O’Rourke’s lawsuit charges Comcast and Salva (who’s also named as a defendant, but whom Khoury said was declining to comment) with violating the Cable Communications Policy Act, a federal law that prohibits cable companies from disclosing personal information about their customers without the customers’ permission. The suit says that Comcast violated the law by telling PwC about O’Rourke’s complaints.

In addition, the suit accuses Comcast of defamation based on the allegation that the company told PwC that O’Rourke had tried to use his position as leverage.
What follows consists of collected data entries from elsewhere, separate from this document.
(* Let $u$ be a 5-complex number with $\rho_1>0$ (so $\theta_+\in(0,\pi)$ and $\psi_1\in(0,\pi/2]$). Then $$u=d\left(\frac52\right)^{1/2}\left(\cot^2\theta_++1+\cot^2\psi_1\right)^{-1/2}\left(\sqrt2\,e_+\cot\theta_++e_1+e_2\cot\psi_1\right)\exp\left(\tilde e_1\phi_1+\tilde e_2\phi_2\right),$$ where $\exp w=\sum_{n\ge0}w^n/n!$.
   Context: A 5-complex number is $u=x_0+h_1x_1+h_2x_2+h_3x_3+h_4x_4$ with real $x_j$, with componentwise addition and the commutative associative bilinear multiplication determined by $h_jh_k=h_{(j+k)\bmod 5}$, $h_0=1$. Modulus $d=(\sum_jx_j^2)^{1/2}$. Canonical variables: $v_+=\sum_jx_j$ and, for $k=1,2$, $v_k=\sum_jx_j\cos(2\pi kj/5)$, $\tilde v_k=\sum_jx_j\sin(2\pi kj/5)$. For $k=1,2$: $\rho_k=(v_k^2+\tilde v_k^2)^{1/2}$, $\phi_k\in[0,2\pi)$ with $\cos\phi_k=v_k/\rho_k$, $\sin\phi_k=\tilde v_k/\rho_k$. Planar angle $\psi_1\in[0,\pi/2]$: $\tan\psi_1=\rho_1/\rho_2$. Polar angle $\theta_+\in[0,\pi]$: $\tan\theta_+=\sqrt2\rho_1/v_+$. Canonical basis (with $h_0=1$): $e_+=\frac15\sum_{j=0}^4h_j$, and for $k=1,2$: $e_k=\frac25\sum_{j=0}^4\cos(2\pi kj/5)h_j$, $\tilde e_k=\frac25\sum_{j=0}^4\sin(2\pi kj/5)h_j$. Here $\cot$ denotes $1/\tan$, with $\cot(\pi/2)=0$. *)

theory Defs
  imports "HOL-Analysis.Analysis"
begin

text \<open>5-complex numbers: u = x0 + h1 x1 + ... + h4 x4 represented as vectors in real^5,
  component j (j<5) being u $ of_nat j; the index type 5 has arithmetic mod 5.\<close>

type_synonym tc5 = "real ^ 5"

definition xc :: "tc5 \<Rightarrow> nat \<Rightarrow> real" where
  "xc u j = u $ (of_nat j :: 5)"
lemma card_closed_nbhd_V4_endpoints_le:
  assumes "graph V E" and "finite Q" and "endpoints Q \<subseteq> V"
  shows "card (closed_nbhd V E (V4 V E \<union> endpoints Q)) \<le> 2 * high V E + 8 * card Q"
proof -
  define D where "D = endpoints Q - V4 V E"
  have fin_V4: "finite (V4 V E)"
    using graph_finite_V4[OF assms(1)] .
  have fin_ends: "finite (endpoints Q)"
    unfolding endpoints_def using assms(2) by simp
  then have fin_D: "finite D"
    unfolding D_def by simp
  have "card D \<le> card (endpoints Q)"
    unfolding D_def using fin_ends by (rule card_mono) blast
  also have "\<dots> \<le> card (hd ` Q) + card (last ` Q)"
    unfolding endpoints_def by (rule card_Un_le)
  also have "\<dots> \<le> 2 * card Q"
    using card_image_le[OF assms(2), of hd] card_image_le[OF assms(2), of last] by linarith
  finally have card_D: "card D \<le> 2 * card Q" .
  have low_deg: "1 + deg E x \<le> 4" if "x \<in> D" for x
    using that assms(3) unfolding D_def V4_def by auto
  have "V4 V E \<union> endpoints Q = V4 V E \<union> D"
    unfolding D_def by blast
  then have "card (closed_nbhd V E (V4 V E \<union> endpoints Q)) \<le> (\<Sum>x\<in>V4 V E \<union> D. 1 + deg E x)"
    using card_closed_nbhd_le[of "V4 V E \<union> D" E V] fin_V4 fin_D graph_finite_edges[OF assms(1)]
    by simp
  also have "\<dots> = (\<Sum>x\<in>V4 V E. 1 + deg E x) + (\<Sum>x\<in>D. 1 + deg E x)"
    using fin_V4 fin_D by (rule sum.union_disjoint) (simp add: D_def)
  also have "\<dots> \<le> (\<Sum>x\<in>V4 V E. 2 * deg E x) + (\<Sum>x\<in>D. 4)"
    using low_deg by (intro add_mono sum_mono) (auto simp: V4_def)
  also have "\<dots> \<le> 2 * high V E + 8 * card Q"
    using card_D by (simp add: high_def sum_distrib_left)
  finally show ?thesis .
qed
According to the lawsuit, Comcast either knew that was false or didn’t bother to ascertain whether or not it was true.

Comcast is also charged in the lawsuit with violating the California Business and Professions Code by, among other things, “unfairly and persistently overcharging [O'Rourke], and retaliating against him."

Ryan, O’Rourke's lawyer, told HuffPost that her client is still unemployed. He now uses DirecTV as his cable provider.

CORRECTION: This story has been corrected to reflect that Comcast's collections department contacted O'Rourke in February 2014 through a phone call, not a letter.